> _THE TASK_: Check each line of the records for "intro"; collect those that have it.

_ _ _ _ _

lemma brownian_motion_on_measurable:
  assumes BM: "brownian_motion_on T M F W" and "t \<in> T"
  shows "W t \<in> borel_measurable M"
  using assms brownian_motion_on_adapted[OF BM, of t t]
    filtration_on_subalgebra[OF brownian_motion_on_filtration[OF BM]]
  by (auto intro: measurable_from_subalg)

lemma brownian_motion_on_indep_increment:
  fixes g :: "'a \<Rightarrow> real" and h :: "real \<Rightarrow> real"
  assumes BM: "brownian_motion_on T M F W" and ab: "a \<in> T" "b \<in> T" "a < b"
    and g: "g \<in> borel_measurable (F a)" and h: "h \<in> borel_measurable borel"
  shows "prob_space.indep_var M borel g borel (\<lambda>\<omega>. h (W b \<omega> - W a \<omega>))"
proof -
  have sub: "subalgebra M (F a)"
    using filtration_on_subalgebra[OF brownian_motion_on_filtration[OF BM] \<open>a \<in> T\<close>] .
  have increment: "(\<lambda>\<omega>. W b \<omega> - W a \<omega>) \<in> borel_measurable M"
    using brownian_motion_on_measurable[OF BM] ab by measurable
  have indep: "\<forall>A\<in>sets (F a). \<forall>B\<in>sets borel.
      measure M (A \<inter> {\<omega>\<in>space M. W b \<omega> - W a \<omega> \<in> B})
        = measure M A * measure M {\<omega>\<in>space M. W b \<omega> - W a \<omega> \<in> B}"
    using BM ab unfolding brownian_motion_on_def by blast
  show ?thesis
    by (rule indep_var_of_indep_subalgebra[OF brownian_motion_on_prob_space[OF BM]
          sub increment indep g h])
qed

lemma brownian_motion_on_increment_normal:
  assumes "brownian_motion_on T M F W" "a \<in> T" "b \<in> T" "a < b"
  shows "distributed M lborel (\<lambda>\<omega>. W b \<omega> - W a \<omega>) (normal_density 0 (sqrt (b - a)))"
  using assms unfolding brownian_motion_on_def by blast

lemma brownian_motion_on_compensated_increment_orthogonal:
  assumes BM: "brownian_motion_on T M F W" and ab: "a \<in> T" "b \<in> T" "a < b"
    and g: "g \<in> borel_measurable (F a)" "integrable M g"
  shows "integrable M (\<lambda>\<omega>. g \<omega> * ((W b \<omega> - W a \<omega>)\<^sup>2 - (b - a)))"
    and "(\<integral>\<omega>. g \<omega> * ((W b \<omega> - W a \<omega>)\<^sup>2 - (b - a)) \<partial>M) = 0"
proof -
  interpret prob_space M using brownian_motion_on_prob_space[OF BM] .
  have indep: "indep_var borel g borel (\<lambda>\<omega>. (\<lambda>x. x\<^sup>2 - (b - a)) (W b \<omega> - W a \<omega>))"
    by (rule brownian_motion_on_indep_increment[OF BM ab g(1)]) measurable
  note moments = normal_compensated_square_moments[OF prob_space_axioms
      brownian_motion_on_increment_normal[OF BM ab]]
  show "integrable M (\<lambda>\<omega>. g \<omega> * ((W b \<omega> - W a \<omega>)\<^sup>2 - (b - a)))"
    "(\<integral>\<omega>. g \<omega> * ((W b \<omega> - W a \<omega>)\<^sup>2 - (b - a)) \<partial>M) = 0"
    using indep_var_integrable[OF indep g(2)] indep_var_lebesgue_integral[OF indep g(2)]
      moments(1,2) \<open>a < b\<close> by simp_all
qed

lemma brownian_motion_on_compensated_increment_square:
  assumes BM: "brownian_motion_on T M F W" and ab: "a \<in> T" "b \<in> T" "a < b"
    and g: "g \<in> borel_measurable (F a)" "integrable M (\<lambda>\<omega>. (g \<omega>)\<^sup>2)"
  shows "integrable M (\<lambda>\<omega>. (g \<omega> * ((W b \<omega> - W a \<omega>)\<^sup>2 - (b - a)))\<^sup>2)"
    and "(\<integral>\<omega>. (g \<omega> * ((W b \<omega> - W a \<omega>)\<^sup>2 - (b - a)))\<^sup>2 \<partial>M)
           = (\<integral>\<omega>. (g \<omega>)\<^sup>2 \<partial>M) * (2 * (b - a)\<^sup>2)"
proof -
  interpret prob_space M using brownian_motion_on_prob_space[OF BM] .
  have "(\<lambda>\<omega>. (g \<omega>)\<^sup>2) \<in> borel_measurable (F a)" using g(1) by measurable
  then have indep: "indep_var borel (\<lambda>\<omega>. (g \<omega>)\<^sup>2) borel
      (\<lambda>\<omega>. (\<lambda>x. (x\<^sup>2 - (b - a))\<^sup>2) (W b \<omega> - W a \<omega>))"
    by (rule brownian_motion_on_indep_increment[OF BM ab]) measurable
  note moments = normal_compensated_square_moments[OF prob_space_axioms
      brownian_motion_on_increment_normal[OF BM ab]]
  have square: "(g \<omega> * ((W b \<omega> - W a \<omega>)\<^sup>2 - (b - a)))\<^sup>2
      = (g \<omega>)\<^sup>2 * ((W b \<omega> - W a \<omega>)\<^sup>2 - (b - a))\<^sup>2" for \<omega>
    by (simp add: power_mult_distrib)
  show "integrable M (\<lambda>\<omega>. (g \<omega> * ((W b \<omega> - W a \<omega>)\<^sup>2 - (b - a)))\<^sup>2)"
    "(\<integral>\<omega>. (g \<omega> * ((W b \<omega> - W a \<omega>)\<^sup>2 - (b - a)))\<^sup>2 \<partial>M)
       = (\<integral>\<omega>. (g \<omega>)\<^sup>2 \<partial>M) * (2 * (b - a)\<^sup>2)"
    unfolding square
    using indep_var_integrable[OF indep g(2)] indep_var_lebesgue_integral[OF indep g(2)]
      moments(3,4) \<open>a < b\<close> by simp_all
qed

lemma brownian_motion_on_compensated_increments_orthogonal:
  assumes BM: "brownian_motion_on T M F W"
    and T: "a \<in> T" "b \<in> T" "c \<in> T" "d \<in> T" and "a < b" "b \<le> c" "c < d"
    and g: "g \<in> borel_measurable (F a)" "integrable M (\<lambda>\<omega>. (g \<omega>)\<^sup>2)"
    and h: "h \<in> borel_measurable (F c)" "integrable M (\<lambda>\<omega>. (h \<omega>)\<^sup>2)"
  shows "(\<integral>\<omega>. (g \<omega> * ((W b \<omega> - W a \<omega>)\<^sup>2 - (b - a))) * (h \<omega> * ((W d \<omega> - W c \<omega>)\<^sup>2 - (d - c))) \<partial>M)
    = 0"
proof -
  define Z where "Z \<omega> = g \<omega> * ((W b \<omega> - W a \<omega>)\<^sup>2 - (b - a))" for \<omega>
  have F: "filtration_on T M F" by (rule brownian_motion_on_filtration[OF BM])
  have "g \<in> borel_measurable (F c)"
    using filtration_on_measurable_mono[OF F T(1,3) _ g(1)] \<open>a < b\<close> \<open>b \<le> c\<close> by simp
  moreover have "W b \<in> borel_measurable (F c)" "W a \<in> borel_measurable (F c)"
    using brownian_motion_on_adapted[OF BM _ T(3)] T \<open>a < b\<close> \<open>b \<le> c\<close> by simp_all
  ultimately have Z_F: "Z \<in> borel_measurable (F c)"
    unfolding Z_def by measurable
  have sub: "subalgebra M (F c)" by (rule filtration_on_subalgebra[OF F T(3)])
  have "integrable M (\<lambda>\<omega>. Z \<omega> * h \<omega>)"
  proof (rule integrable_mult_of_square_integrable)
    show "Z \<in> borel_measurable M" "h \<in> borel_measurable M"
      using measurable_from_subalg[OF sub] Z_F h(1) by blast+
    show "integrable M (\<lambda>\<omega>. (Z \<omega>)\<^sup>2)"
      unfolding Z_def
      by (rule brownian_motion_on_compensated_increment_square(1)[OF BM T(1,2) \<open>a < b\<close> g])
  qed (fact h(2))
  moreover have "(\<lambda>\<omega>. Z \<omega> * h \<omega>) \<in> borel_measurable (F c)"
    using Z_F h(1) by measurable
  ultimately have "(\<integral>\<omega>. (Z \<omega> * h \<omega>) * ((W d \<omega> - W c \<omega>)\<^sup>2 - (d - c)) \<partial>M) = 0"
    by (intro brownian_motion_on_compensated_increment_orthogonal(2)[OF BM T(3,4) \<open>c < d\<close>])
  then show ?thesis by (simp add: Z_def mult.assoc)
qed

_ _ _ _ _

> _ANSWER TO THE EXERCISE_:
  by (auto intro: measurable_from_subalg)
    by (intro brownian_motion_on_compensated_increment_orthogonal(2)[OF BM T(3,4) \<open>c < d\<close>])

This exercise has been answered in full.